**GOAL OF THE EXERCISE:**
Look below for the line that has "the determinant is". Set down the lines from there through the line that has "two real roots", exactly as written.

Saved entries
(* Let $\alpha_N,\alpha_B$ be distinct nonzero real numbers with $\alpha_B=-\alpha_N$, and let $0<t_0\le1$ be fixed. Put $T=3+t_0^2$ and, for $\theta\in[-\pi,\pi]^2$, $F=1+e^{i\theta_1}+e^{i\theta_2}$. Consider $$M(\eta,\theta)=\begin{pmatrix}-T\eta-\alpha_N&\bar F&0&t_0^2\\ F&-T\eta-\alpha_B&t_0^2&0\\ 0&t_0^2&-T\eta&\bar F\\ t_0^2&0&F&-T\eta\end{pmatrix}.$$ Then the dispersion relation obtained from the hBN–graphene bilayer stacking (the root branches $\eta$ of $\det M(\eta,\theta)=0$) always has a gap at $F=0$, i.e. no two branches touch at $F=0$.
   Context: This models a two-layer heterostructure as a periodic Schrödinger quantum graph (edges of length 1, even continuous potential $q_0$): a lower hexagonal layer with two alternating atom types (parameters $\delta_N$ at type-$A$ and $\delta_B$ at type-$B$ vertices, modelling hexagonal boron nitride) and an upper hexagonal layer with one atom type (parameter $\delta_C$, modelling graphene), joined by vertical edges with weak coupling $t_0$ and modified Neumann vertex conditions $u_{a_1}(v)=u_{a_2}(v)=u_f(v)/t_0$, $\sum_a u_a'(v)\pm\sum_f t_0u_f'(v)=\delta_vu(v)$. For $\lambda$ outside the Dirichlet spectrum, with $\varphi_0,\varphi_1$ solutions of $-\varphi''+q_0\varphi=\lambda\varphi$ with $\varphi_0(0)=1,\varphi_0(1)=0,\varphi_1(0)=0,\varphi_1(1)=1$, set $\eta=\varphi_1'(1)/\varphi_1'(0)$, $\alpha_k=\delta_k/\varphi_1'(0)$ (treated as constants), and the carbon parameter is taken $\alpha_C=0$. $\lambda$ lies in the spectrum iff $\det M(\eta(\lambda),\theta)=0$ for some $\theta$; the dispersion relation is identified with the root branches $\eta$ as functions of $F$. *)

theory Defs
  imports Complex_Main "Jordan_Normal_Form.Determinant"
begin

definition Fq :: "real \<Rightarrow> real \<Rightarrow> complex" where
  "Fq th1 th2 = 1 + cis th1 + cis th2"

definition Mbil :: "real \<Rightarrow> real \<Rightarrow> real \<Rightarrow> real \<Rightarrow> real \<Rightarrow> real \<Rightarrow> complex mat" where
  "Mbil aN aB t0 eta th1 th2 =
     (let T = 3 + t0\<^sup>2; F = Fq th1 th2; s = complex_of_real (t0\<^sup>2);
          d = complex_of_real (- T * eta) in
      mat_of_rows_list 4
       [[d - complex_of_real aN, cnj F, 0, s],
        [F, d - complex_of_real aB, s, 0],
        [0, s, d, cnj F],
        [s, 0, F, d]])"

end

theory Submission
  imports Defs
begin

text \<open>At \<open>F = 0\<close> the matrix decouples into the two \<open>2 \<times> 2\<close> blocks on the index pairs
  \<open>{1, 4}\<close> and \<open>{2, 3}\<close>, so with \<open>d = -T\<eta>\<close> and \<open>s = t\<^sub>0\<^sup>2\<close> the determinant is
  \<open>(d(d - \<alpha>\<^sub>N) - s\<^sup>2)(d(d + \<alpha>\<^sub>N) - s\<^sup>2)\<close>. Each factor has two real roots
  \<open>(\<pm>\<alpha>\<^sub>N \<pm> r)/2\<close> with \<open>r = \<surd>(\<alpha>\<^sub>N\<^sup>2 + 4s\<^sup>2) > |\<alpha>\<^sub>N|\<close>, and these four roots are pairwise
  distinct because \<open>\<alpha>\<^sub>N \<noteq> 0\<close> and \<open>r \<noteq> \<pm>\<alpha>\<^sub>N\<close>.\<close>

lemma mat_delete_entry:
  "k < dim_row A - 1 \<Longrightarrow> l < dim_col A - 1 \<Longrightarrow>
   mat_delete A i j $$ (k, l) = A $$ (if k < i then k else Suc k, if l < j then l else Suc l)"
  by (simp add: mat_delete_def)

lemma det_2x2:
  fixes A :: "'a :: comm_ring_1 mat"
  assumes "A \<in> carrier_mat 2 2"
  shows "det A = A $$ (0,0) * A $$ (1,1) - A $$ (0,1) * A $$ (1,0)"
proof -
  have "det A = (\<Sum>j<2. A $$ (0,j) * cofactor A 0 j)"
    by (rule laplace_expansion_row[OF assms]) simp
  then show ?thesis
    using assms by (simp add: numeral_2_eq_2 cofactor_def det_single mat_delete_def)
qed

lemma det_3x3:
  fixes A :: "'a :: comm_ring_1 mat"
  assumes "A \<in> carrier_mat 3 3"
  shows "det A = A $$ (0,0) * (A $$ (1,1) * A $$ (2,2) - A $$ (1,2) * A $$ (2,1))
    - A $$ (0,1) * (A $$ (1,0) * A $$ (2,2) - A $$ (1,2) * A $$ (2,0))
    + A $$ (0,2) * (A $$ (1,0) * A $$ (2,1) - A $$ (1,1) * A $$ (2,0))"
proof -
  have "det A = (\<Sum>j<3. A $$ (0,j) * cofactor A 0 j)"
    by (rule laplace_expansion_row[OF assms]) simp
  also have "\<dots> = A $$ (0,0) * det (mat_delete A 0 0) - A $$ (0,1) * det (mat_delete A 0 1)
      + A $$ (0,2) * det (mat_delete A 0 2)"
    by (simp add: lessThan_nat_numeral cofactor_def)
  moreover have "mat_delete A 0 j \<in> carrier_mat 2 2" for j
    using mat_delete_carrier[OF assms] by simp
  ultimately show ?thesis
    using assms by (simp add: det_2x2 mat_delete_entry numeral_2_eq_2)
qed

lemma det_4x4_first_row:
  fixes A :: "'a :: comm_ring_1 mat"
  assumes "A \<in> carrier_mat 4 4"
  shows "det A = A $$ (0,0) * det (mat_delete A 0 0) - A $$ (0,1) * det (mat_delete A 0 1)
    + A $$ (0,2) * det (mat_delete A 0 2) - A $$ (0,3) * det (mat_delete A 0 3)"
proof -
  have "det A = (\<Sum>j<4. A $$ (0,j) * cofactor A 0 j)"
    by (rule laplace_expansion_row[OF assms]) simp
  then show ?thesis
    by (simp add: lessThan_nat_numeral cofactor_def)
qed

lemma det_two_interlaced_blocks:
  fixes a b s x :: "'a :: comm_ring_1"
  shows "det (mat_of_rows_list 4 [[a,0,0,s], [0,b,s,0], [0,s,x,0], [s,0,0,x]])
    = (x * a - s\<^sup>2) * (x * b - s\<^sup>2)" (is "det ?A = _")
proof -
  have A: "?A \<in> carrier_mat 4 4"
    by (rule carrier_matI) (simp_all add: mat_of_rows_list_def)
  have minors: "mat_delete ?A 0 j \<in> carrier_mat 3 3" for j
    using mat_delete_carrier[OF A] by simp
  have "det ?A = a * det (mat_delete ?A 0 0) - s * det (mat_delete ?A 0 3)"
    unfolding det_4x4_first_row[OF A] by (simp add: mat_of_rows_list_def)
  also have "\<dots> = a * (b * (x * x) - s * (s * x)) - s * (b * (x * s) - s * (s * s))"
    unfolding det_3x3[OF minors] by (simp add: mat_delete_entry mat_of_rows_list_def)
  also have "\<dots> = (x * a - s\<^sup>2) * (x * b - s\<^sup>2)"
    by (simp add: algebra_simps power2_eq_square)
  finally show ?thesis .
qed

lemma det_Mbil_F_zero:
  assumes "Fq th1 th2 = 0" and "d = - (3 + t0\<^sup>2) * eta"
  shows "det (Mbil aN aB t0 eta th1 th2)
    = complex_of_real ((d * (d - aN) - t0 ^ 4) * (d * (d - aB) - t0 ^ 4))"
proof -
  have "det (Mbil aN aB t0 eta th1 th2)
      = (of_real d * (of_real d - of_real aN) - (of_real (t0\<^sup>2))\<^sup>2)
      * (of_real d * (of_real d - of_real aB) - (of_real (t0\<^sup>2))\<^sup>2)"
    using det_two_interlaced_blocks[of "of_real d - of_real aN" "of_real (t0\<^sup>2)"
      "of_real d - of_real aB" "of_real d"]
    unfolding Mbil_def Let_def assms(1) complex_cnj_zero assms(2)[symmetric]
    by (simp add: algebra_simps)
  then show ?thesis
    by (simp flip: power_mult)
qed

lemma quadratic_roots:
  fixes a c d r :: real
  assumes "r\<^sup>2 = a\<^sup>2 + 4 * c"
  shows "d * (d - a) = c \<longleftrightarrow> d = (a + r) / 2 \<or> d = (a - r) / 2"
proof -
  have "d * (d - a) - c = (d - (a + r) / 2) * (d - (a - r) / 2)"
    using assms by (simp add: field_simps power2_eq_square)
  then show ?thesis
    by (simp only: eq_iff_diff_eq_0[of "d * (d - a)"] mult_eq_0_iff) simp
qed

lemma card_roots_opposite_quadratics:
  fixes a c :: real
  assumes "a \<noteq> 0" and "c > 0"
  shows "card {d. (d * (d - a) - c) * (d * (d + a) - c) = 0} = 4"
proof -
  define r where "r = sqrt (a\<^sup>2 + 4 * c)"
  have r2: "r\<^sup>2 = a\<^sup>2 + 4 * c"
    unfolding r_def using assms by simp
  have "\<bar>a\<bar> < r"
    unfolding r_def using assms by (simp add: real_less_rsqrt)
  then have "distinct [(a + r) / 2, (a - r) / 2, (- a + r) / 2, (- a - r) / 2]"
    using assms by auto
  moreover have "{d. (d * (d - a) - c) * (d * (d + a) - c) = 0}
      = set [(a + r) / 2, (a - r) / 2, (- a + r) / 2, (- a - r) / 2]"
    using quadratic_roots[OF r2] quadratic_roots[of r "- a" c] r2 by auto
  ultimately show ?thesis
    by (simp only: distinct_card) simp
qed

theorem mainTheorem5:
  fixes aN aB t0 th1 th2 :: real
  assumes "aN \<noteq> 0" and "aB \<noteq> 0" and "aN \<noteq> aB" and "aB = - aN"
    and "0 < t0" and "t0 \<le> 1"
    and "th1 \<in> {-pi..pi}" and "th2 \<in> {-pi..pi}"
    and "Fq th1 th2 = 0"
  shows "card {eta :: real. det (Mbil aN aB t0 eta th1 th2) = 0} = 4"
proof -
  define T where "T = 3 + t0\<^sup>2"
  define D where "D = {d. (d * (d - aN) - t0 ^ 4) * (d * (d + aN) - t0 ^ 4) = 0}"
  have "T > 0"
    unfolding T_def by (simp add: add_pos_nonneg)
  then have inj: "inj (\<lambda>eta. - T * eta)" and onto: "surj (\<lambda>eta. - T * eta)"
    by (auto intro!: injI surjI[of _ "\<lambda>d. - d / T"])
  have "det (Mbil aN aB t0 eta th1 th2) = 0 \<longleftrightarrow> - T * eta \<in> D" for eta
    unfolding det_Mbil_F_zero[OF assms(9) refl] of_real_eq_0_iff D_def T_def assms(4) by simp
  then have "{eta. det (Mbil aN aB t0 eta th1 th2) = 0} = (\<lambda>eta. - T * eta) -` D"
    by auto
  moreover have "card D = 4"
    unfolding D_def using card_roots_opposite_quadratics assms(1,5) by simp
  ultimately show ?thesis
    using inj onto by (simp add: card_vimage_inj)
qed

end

--

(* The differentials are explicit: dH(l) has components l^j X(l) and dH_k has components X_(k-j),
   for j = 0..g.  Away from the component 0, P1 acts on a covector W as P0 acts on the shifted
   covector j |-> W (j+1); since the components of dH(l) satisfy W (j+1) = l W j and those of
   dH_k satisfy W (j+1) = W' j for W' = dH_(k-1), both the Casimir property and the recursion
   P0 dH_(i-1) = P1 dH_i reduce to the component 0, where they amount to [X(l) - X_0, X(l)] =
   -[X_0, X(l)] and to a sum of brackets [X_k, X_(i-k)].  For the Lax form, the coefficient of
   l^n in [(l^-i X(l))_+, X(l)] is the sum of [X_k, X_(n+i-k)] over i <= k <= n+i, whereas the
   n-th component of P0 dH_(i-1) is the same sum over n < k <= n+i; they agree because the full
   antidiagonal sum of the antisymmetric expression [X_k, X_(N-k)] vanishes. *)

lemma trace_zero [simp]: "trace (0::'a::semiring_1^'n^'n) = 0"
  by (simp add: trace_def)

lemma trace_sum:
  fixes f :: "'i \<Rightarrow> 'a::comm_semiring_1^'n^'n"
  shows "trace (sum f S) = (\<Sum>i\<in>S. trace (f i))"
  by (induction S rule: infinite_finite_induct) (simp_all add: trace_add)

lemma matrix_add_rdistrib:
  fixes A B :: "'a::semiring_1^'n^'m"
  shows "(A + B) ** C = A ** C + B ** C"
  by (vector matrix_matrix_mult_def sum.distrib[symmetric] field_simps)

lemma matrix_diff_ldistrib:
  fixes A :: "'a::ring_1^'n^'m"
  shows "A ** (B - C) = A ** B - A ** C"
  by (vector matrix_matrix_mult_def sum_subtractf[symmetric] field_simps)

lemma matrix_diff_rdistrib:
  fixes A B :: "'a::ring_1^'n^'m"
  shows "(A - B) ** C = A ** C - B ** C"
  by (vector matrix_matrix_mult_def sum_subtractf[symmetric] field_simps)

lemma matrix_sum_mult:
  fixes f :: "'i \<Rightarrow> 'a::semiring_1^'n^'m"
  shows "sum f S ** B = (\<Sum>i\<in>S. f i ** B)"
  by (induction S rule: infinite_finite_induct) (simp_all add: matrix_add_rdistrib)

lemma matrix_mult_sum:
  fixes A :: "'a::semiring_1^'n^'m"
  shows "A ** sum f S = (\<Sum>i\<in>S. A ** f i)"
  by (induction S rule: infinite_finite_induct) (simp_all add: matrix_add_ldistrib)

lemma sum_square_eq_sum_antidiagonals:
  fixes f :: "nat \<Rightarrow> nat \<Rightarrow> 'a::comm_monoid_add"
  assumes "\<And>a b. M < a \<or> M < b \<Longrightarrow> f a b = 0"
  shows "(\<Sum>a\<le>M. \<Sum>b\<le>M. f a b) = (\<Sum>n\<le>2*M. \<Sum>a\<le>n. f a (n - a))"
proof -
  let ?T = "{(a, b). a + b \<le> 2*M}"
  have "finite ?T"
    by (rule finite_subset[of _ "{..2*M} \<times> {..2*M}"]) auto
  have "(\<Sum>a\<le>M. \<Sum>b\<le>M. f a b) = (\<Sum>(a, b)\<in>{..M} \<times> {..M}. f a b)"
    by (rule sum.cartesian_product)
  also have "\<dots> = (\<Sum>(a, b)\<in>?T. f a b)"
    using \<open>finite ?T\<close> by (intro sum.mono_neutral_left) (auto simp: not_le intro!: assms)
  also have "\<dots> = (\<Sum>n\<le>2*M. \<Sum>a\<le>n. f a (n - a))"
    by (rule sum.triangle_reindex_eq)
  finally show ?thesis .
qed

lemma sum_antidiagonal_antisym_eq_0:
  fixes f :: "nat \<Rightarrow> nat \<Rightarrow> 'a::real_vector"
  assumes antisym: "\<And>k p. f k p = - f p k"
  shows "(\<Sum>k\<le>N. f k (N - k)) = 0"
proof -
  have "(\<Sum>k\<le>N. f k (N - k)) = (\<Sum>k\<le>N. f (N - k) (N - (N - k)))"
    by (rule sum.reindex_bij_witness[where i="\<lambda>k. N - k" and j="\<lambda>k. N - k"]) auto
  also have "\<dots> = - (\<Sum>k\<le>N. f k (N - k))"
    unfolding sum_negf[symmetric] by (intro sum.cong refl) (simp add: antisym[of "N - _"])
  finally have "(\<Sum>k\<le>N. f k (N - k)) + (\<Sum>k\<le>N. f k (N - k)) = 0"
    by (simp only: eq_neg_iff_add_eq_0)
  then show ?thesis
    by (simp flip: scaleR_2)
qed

--

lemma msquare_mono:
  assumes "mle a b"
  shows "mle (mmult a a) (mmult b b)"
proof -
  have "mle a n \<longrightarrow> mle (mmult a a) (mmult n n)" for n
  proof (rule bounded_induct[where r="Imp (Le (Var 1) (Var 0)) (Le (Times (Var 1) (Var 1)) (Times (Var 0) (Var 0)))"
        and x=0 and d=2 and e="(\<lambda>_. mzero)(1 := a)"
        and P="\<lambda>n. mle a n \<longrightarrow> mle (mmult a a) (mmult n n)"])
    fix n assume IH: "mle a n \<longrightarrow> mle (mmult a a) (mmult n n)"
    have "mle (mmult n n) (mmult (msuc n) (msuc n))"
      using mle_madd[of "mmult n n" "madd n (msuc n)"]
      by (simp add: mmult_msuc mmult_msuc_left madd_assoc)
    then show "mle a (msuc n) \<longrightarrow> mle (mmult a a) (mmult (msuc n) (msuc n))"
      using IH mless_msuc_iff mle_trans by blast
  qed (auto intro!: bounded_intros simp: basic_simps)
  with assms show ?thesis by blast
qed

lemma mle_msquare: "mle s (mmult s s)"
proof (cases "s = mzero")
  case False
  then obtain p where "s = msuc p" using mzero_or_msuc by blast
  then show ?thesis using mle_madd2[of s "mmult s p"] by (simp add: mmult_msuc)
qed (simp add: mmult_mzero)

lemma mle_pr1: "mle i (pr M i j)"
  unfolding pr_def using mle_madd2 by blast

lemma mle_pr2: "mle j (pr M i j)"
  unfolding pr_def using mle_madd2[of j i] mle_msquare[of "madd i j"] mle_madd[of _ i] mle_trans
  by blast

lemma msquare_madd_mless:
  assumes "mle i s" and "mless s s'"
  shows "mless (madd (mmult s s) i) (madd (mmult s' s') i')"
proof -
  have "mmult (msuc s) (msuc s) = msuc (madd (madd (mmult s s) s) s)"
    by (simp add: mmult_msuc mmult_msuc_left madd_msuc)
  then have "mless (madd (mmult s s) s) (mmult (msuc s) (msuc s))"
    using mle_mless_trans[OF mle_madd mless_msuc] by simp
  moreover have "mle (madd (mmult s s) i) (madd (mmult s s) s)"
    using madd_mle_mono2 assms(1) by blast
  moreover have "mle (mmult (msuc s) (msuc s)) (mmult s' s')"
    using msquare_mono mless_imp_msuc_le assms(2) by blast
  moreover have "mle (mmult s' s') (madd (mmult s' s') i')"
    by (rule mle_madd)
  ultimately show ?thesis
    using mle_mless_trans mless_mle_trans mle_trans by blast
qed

**WRITTEN RESPONSE:**
  \<open>{1, 4}\<close> and \<open>{2, 3}\<close>, so with \<open>d = -T\<eta>\<close> and \<open>s = t\<^sub>0\<^sup>2\<close> the determinant is
  \<open>(d(d - \<alpha>\<^sub>N) - s\<^sup>2)(d(d + \<alpha>\<^sub>N) - s\<^sup>2)\<close>. Each factor has two real roots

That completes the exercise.